**EXERCISE DATA:**

(* In the derived category $\mathcal D(\underline{\mathbb Z/2})$ one has: (a) $A_k^{op}\simeq\Sigma^{-k}A_k$ for $k\ge 0$; (b) $H(n)^{op}\simeq H(-(n+2))$ for all $n\in\mathbb Z$; (c) $B_r^{op}\simeq\Sigma^{r+4}B_r$ for $r\geq0$.
   Context: A $\underline{\mathbb Z/2}$-module is a pair of $\mathbb F_2$-vector spaces $M_\Theta,M_\bullet$ with maps $t\colon M_\Theta\to M_\Theta$, $p^*\colon M_\bullet\to M_\Theta$, $p_*\colon M_\Theta\to M_\bullet$ with $tp^*=p^*$, $p_*t=p_*$, $t^2=1$, $p^*p_*=1+t$, $p_*p^*=0$. $H$: both spaces $\mathbb F_2$, $t=p^*=\mathrm{id}$, $p_*=0$. $F$: $F_\Theta=\mathbb F_2^2$, $t$ the swap, $F_\bullet=\mathbb F_2$, $p_*(x,y)=x+y$, $p^*(z)=(z,z)$. $p\colon F\to H$, $p\colon H\to F$ the unique nonzero maps, $u=1+t$. Homological grading, $(\Sigma C)_i=C_{i-1}$. $A_k$: $F$ in degrees $k,\dots,0$, differentials $u$. $H(0)=H$ in degree $0$; for $n>0$, $H(-n)$: $H$ in degree $n$, $F$ in degrees $n-1,\dots,0$, differentials $p,u,\dots,u$; $H(n)$: $F$ in degrees $0,\dots,-(n-1)$, $H$ in degree $-n$, differentials $u,\dots,u,p$. $B_r$: $H$ in degree $0$, $F$ in degrees $-1,\dots,-(r+1)$, $H$ in degree $-(r+2)$, differentials $p,u,\dots,u,p$. For a module $M$, $M^{op}$ has $(M^{op})_\Theta=(M_\Theta)^\vee$, $(M^{op})_\bullet=(M_\bullet)^\vee$ (linear duals), $t_{M^{op}}=t_M^\vee$, $p^*_{M^{op}}=(p_*^M)^\vee$, $p_*^{M^{op}}=(p^*_M)^\vee$. For a complex $C$, $C^{op}$ is the complex with $(C^{op})_i=(C_{-i})^{op}$ and dual differentials; this preserves quasi-isomorphisms and so is defined on $\mathcal D(\underline{\mathbb Z/2})$. *)

theory Defs
  imports "Jordan_Normal_Form.Matrix" "HOL-Library.Z2"
begin

text \<open>A Z/2-module with finite-dimensional M_Theta = F_2^dT and M_bullet = F_2^dB.
  Linear maps F_2^m -> F_2^n are n x m matrices acting on column vectors.
  tm = t, up = p^* : M_bullet -> M_Theta, dn = p_* : M_Theta -> M_bullet.\<close>

record zmod =
  dT :: nat
  dB :: nat
  tm :: "bit mat"
  up :: "bit mat"
  dn :: "bit mat"

definition is_zmod :: "zmod \<Rightarrow> bool" where
  "is_zmod M \<longleftrightarrow>
     tm M \<in> carrier_mat (dT M) (dT M) \<and>
     up M \<in> carrier_mat (dT M) (dB M) \<and>
     dn M \<in> carrier_mat (dB M) (dT M) \<and>
     tm M * up M = up M \<and>
     dn M * tm M = dn M \<and>
     tm M * tm M = 1\<^sub>m (dT M) \<and>
     up M * dn M = 1\<^sub>m (dT M) + tm M \<and>
     dn M * up M = 0\<^sub>m (dB M) (dB M)"

record zmor =
  mT :: "bit mat"
  mB :: "bit mat"

definition is_zmor :: "zmod \<Rightarrow> zmod \<Rightarrow> zmor \<Rightarrow> bool" where
  "is_zmor M N f \<longleftrightarrow>
     mT f \<in> carrier_mat (dT N) (dT M) \<and>
     mB f \<in> carrier_mat (dB N) (dB M) \<and>
     mT f * tm M = tm N * mT f \<and>
     mT f * up M = up N * mB f \<and>
     mB f * dn M = dn N * mT f"

definition zcomp :: "zmor \<Rightarrow> zmor \<Rightarrow> zmor" where
  "zcomp g f = \<lparr>mT = mT g * mT f, mB = mB g * mB f\<rparr>"

definition zzero :: "zmod \<Rightarrow> zmod \<Rightarrow> zmor" where
  "zzero M N = \<lparr>mT = 0\<^sub>m (dT N) (dT M), mB = 0\<^sub>m (dB N) (dB M)\<rparr>"

record zcx =
  obj :: "int \<Rightarrow> zmod"
  dif :: "int \<Rightarrow> zmor"

definition is_complex :: "zcx \<Rightarrow> bool" where
  "is_complex C \<longleftrightarrow>
     (\<forall>i. is_zmod (obj C i)) \<and>
     (\<forall>i. is_zmor (obj C i) (obj C (i - 1)) (dif C i)) \<and>
     (\<forall>i. zcomp (dif C (i - 1)) (dif C i) = zzero (obj C i) (obj C (i - 2)))"

definition is_chain_map :: "zcx \<Rightarrow> zcx \<Rightarrow> (int \<Rightarrow> zmor) \<Rightarrow> bool" where
  "is_chain_map C D f \<longleftrightarrow>
     (\<forall>i. is_zmor (obj C i) (obj D i) (f i)) \<and>
     (\<forall>i. zcomp (dif D i) (f i) = zcomp (f (i - 1)) (dif C i))"

text \<open>A map of complexes of F_2-vector spaces (dimensions dC, dD; differentials
  eC, eD; components g) induces an isomorphism on all homology groups
  H_i = ker d_i / im d_(i+1): surjectivity and injectivity written out.\<close>

definition vs_homology_iso ::
  "(int \<Rightarrow> nat) \<Rightarrow> (int \<Rightarrow> bit mat) \<Rightarrow> (int \<Rightarrow> nat) \<Rightarrow> (int \<Rightarrow> bit mat)
     \<Rightarrow> (int \<Rightarrow> bit mat) \<Rightarrow> bool" where
  "vs_homology_iso dC eC dD eD g \<longleftrightarrow>
     (\<forall>i. \<forall>z \<in> carrier_vec (dD i). eD i *\<^sub>v z = 0\<^sub>v (dD (i - 1)) \<longrightarrow>
         (\<exists>x \<in> carrier_vec (dC i). eC i *\<^sub>v x = 0\<^sub>v (dC (i - 1)) \<and>
            (\<exists>y \<in> carrier_vec (dD (i + 1)). z = g i *\<^sub>v x + eD (i + 1) *\<^sub>v y))) \<and>
     (\<forall>i. \<forall>x \<in> carrier_vec (dC i).
         eC i *\<^sub>v x = 0\<^sub>v (dC (i - 1)) \<and>
         (\<exists>y \<in> carrier_vec (dD (i + 1)). g i *\<^sub>v x = eD (i + 1) *\<^sub>v y) \<longrightarrow>
         (\<exists>w \<in> carrier_vec (dC (i + 1)). x = eC (i + 1) *\<^sub>v w))"

text \<open>Homology of complexes of Z/2-modules is computed levelwise (Theta and bullet),
  so a quasi-isomorphism is a chain map inducing isomorphisms at both levels.\<close>

definition is_quasi_iso :: "zcx \<Rightarrow> zcx \<Rightarrow> (int \<Rightarrow> zmor) \<Rightarrow> bool" where
  "is_quasi_iso C D f \<longleftrightarrow>
     is_chain_map C D f \<and>
     vs_homology_iso (\<lambda>i. dT (obj C i)) (\<lambda>i. mT (dif C i))
                     (\<lambda>i. dT (obj D i)) (\<lambda>i. mT (dif D i)) (\<lambda>i. mT (f i)) \<and>
     vs_homology_iso (\<lambda>i. dB (obj C i)) (\<lambda>i. mB (dif C i))
                     (\<lambda>i. dB (obj D i)) (\<lambda>i. mB (dif D i)) (\<lambda>i. mB (f i))"

definition qiso_rel :: "zcx \<Rightarrow> zcx \<Rightarrow> bool" where
  "qiso_rel C D \<longleftrightarrow> is_complex C \<and> is_complex D \<and> (\<exists>f. is_quasi_iso C D f)"

text \<open>Isomorphism in the derived category: connected by a zigzag of quasi-isomorphisms.\<close>

definition D_iso :: "zcx \<Rightarrow> zcx \<Rightarrow> bool" (infix \<open>\<simeq>\<^sub>D\<close> 50) where
  "C \<simeq>\<^sub>D D \<longleftrightarrow> is_complex C \<and> is_complex D \<and>
      (\<lambda>X Y. qiso_rel X Y \<or> qiso_rel Y X)\<^sup>*\<^sup>* C D"

text \<open>(Sigma^n C)_i = C_(i-n); over F_2 no signs are needed.\<close>
definition susp :: "int \<Rightarrow> zcx \<Rightarrow> zcx" (\<open>\<Sigma>\<close>) where
  "\<Sigma> n C = \<lparr>obj = (\<lambda>i. obj C (i - n)), dif = (\<lambda>i. dif C (i - n))\<rparr>"

text \<open>Linear duals: the dual of a map with matrix A has matrix A^T (dual bases).\<close>
definition zmod_op :: "zmod \<Rightarrow> zmod" where
  "zmod_op M = \<lparr>dT = dT M, dB = dB M, tm = transpose_mat (tm M),
                up = transpose_mat (dn M), dn = transpose_mat (up M)\<rparr>"

definition zmor_dual :: "zmor \<Rightarrow> zmor" where
  "zmor_dual f = \<lparr>mT = transpose_mat (mT f), mB = transpose_mat (mB f)\<rparr>"

text \<open>(C^op)_i = (C_(-i))^op; its differential (C^op)_i -> (C^op)_(i-1) is the dual of
  d^C_(-i+1) : C_(-i+1) -> C_(-i).\<close>
definition cx_op :: "zcx \<Rightarrow> zcx" where
  "cx_op C = \<lparr>obj = (\<lambda>i. zmod_op (obj C (- i))), dif = (\<lambda>i. zmor_dual (dif C (1 - i)))\<rparr>"

definition zeroM :: zmod where
  "zeroM = \<lparr>dT = 0, dB = 0, tm = 0\<^sub>m 0 0, up = 0\<^sub>m 0 0, dn = 0\<^sub>m 0 0\<rparr>"

definition HM :: zmod where
  "HM = \<lparr>dT = 1, dB = 1, tm = 1\<^sub>m 1, up = 1\<^sub>m 1, dn = 0\<^sub>m 1 1\<rparr>"

definition FM :: zmod where
  "FM = \<lparr>dT = 2, dB = 1,
         tm = mat_of_rows_list 2 [[0, 1], [1, 0]],
         up = mat_of_rows_list 1 [[1], [1]],
         dn = mat_of_rows_list 2 [[1, 1]]\<rparr>"

definition pFH :: zmor where
  "pFH = \<lparr>mT = mat_of_rows_list 2 [[1, 1]], mB = 0\<^sub>m 1 1\<rparr>"

definition pHF :: zmor where
  "pHF = \<lparr>mT = mat_of_rows_list 1 [[1], [1]], mB = 1\<^sub>m 1\<rparr>"

definition uF :: zmor where
  "uF = \<lparr>mT = 1\<^sub>m 2 + tm FM, mB = 0\<^sub>m 1 1\<rparr>"

datatype kind = KZ | KH | KF

fun kmod :: "kind \<Rightarrow> zmod" where
  "kmod KZ = zeroM" | "kmod KH = HM" | "kmod KF = FM"

fun kdif :: "kind \<Rightarrow> kind \<Rightarrow> zmor" where
  "kdif KH KF = pHF"
| "kdif KF KF = uF"
| "kdif KF KH = pFH"
| "kdif a b = zzero (kmod a) (kmod b)"

definition mkcx :: "(int \<Rightarrow> kind) \<Rightarrow> zcx" where
  "mkcx K = \<lparr>obj = (\<lambda>i. kmod (K i)), dif = (\<lambda>i. kdif (K i) (K (i - 1)))\<rparr>"

definition Acx :: "nat \<Rightarrow> zcx" where
  "Acx k = mkcx (\<lambda>i. if 0 \<le> i \<and> i \<le> int k then KF else KZ)"

definition Hcx :: "int \<Rightarrow> zcx" where
  "Hcx n =
    (if n = 0 then mkcx (\<lambda>i. if i = 0 then KH else KZ)
     else if n < 0 then
       mkcx (\<lambda>i. if i = - n then KH else if 0 \<le> i \<and> i \<le> - n - 1 then KF else KZ)
     else
       mkcx (\<lambda>i. if i = - n then KH else if - (n - 1) \<le> i \<and> i \<le> 0 then KF else KZ))"

definition Bcx :: "nat \<Rightarrow> zcx" where
  "Bcx r = mkcx (\<lambda>i. if i = 0 \<or> i = - (int r + 2) then KH
                     else if - (int r + 1) \<le> i \<and> i \<le> -1 then KF else KZ)"

end

theory Submission
  imports Defs
begin
definition prime_ideal :: "'a::comm_ring_1 set \<Rightarrow> bool" where
  "prime_ideal P \<longleftrightarrow> is_ideal P \<and> P \<noteq> UNIV \<and> (\<forall>a b. a * b \<in> P \<longrightarrow> a \<in> P \<or> b \<in> P)"

definition prime_height :: "'a::comm_ring_1 set \<Rightarrow> enat" where
  "prime_height P = Sup {enat n | n. \<exists>c::nat \<Rightarrow> 'a set.
      (\<forall>i\<le>n. prime_ideal (c i)) \<and> (\<forall>i<n. c i \<subset> c (Suc i)) \<and> c n = P}"

definition ideal_height :: "'a::comm_ring_1 set \<Rightarrow> enat" where
  "ideal_height I = Inf {prime_height P | P. prime_ideal P \<and> I \<subseteq> P}"

text \<open>Irreducible element (same as the library notion, which however needs a stronger sort).\<close>
definition irred :: "'a::idom \<Rightarrow> bool" where
  "irred p \<longleftrightarrow> p \<noteq> 0 \<and> \<not> (p dvd 1) \<and> (\<forall>a b. p = a * b \<longrightarrow> (a dvd 1) \<or> (b dvd 1))"

definition ufd :: "'a::idom itself \<Rightarrow> bool" where
  "ufd _ \<longleftrightarrow>
     (\<forall>x::'a. x \<noteq> 0 \<and> \<not> (x dvd 1) \<longrightarrow>
        (\<exists>xs. xs \<noteq> [] \<and> (\<forall>p\<in>set xs. irred p) \<and> x = prod_list xs)) \<and>
     (\<forall>xs ys :: 'a list. (\<forall>p\<in>set xs. irred p) \<and> (\<forall>p\<in>set ys. irred p)
        \<and> prod_list xs = prod_list ys \<longrightarrow>
        (\<exists>f. bij_betw f {..<length xs} {..<length ys} \<and>
             (\<forall>i<length xs. xs ! i dvd ys ! (f i) \<and> ys ! (f i) dvd xs ! i)))"

definition is_Cder :: "(complex \<Rightarrow> 'b::comm_ring_1) \<Rightarrow> ('b \<Rightarrow> 'b) \<Rightarrow> bool" where
  "is_Cder k D \<longleftrightarrow> (\<forall>x y. D (x + y) = D x + D y) \<and> (\<forall>c x. D (k c * x) = k c * D x)
     \<and> (\<forall>x y. D (x * y) = x * D y + y * D x)"

definition LND :: "(complex \<Rightarrow> 'b::comm_ring_1) \<Rightarrow> ('b \<Rightarrow> 'b) set" where
  "LND k = {D. is_Cder k D \<and> (\<forall>b. \<exists>n. (D ^^ n) b = 0)}"

definition makar_limanov :: "(complex \<Rightarrow> 'b::comm_ring_1) \<Rightarrow> 'b set" where
  "makar_limanov k = (\<Inter>D\<in>LND k. {b. D b = 0})"

definition rigid :: "(complex \<Rightarrow> 'b::comm_ring_1) \<Rightarrow> bool" where
  "rigid k \<longleftrightarrow> LND k = {\<lambda>_. 0}"

text \<open>R-derivation of B where j : R -> B is the R-algebra structure.\<close>
definition is_Rder :: "('a::comm_ring_1 \<Rightarrow> 'b::comm_ring_1) \<Rightarrow> ('b \<Rightarrow> 'b) \<Rightarrow> bool" where
  "is_Rder j D \<longleftrightarrow> (\<forall>x y. D (x + y) = D x + D y) \<and> (\<forall>a x. D (j a * x) = j a * D x)
     \<and> (\<forall>x y. D (x * y) = x * D y + y * D x)"

definition C_alg_aut :: "(complex \<Rightarrow> 'b::comm_ring_1) \<Rightarrow> ('b \<Rightarrow> 'b) \<Rightarrow> bool" where
  "C_alg_aut k \<phi> \<longleftrightarrow> bij \<phi> \<and> rhom \<phi> \<and> (\<forall>c. \<phi> (k c) = k c)"

section \<open>The ring R[U,V] (as 'a poly poly, outer variable U) and the algebra A_{r,s}\<close>

definition varU :: "'a::comm_ring_1 poly poly" where "varU = [:0, 1:]"
definition varV :: "'a::comm_ring_1 poly poly" where "varV = [:[:0, 1:]:]"
definition constUV :: "'a::comm_ring_1 \<Rightarrow> 'a poly poly" where "constUV a = [:[:a:]:]"

text \<open>Evaluation R[U,V] -> B given by j on coefficients, U |-> u, V |-> v.\<close>
definition eval2 :: "('a::comm_ring_1 \<Rightarrow> 'b::comm_ring_1) \<Rightarrow> 'b \<Rightarrow> 'b \<Rightarrow> 'a poly poly \<Rightarrow> 'b" where
  "eval2 j u v p = poly (map_poly (\<lambda>q. poly (map_poly j q) v) p) u"

text \<open>(B, j, u, v) is a presentation of A_{r,s} = R[U,V]/(rU - sV - 1), u, v the residue classes
  of U, V: the evaluation map is a surjective ring homomorphism with kernel the principal
  ideal (rU - sV - 1).\<close>
definition presents_Ars :: "'a::comm_ring_1 \<Rightarrow> 'a \<Rightarrow> ('a \<Rightarrow> 'b::comm_ring_1) \<Rightarrow> 'b \<Rightarrow> 'b \<Rightarrow> bool" where
  "presents_Ars r s j u v \<longleftrightarrow> rhom j \<and> surj (eval2 j u v) \<and>
     (\<forall>f. eval2 j u v f = 0 \<longleftrightarrow>
        (constUV r * varU - constUV s * varV - 1) dvd f)"

end

theory Submission
  imports Defs
begin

**EXERCISE:** Copy out, exactly and alone, the lines of the entries above between the ones holding "(\<forall>x::'a. x \<noteq>" and "D \<and> (\<forall>b.", inclusive.

**EXPECTED OUTPUT:**
     (\<forall>x::'a. x \<noteq> 0 \<and> \<not> (x dvd 1) \<longrightarrow>
        (\<exists>xs. xs \<noteq> [] \<and> (\<forall>p\<in>set xs. irred p) \<and> x = prod_list xs)) \<and>
     (\<forall>xs ys :: 'a list. (\<forall>p\<in>set xs. irred p) \<and> (\<forall>p\<in>set ys. irred p)
        \<and> prod_list xs = prod_list ys \<longrightarrow>
        (\<exists>f. bij_betw f {..<length xs} {..<length ys} \<and>
             (\<forall>i<length xs. xs ! i dvd ys ! (f i) \<and> ys ! (f i) dvd xs ! i)))"

definition is_Cder :: "(complex \<Rightarrow> 'b::comm_ring_1) \<Rightarrow> ('b \<Rightarrow> 'b) \<Rightarrow> bool" where
  "is_Cder k D \<longleftrightarrow> (\<forall>x y. D (x + y) = D x + D y) \<and> (\<forall>c x. D (k c * x) = k c * D x)
     \<and> (\<forall>x y. D (x * y) = x * D y + y * D x)"

definition LND :: "(complex \<Rightarrow> 'b::comm_ring_1) \<Rightarrow> ('b \<Rightarrow> 'b) set" where
  "LND k = {D. is_Cder k D \<and> (\<forall>b. \<exists>n. (D ^^ n) b = 0)}"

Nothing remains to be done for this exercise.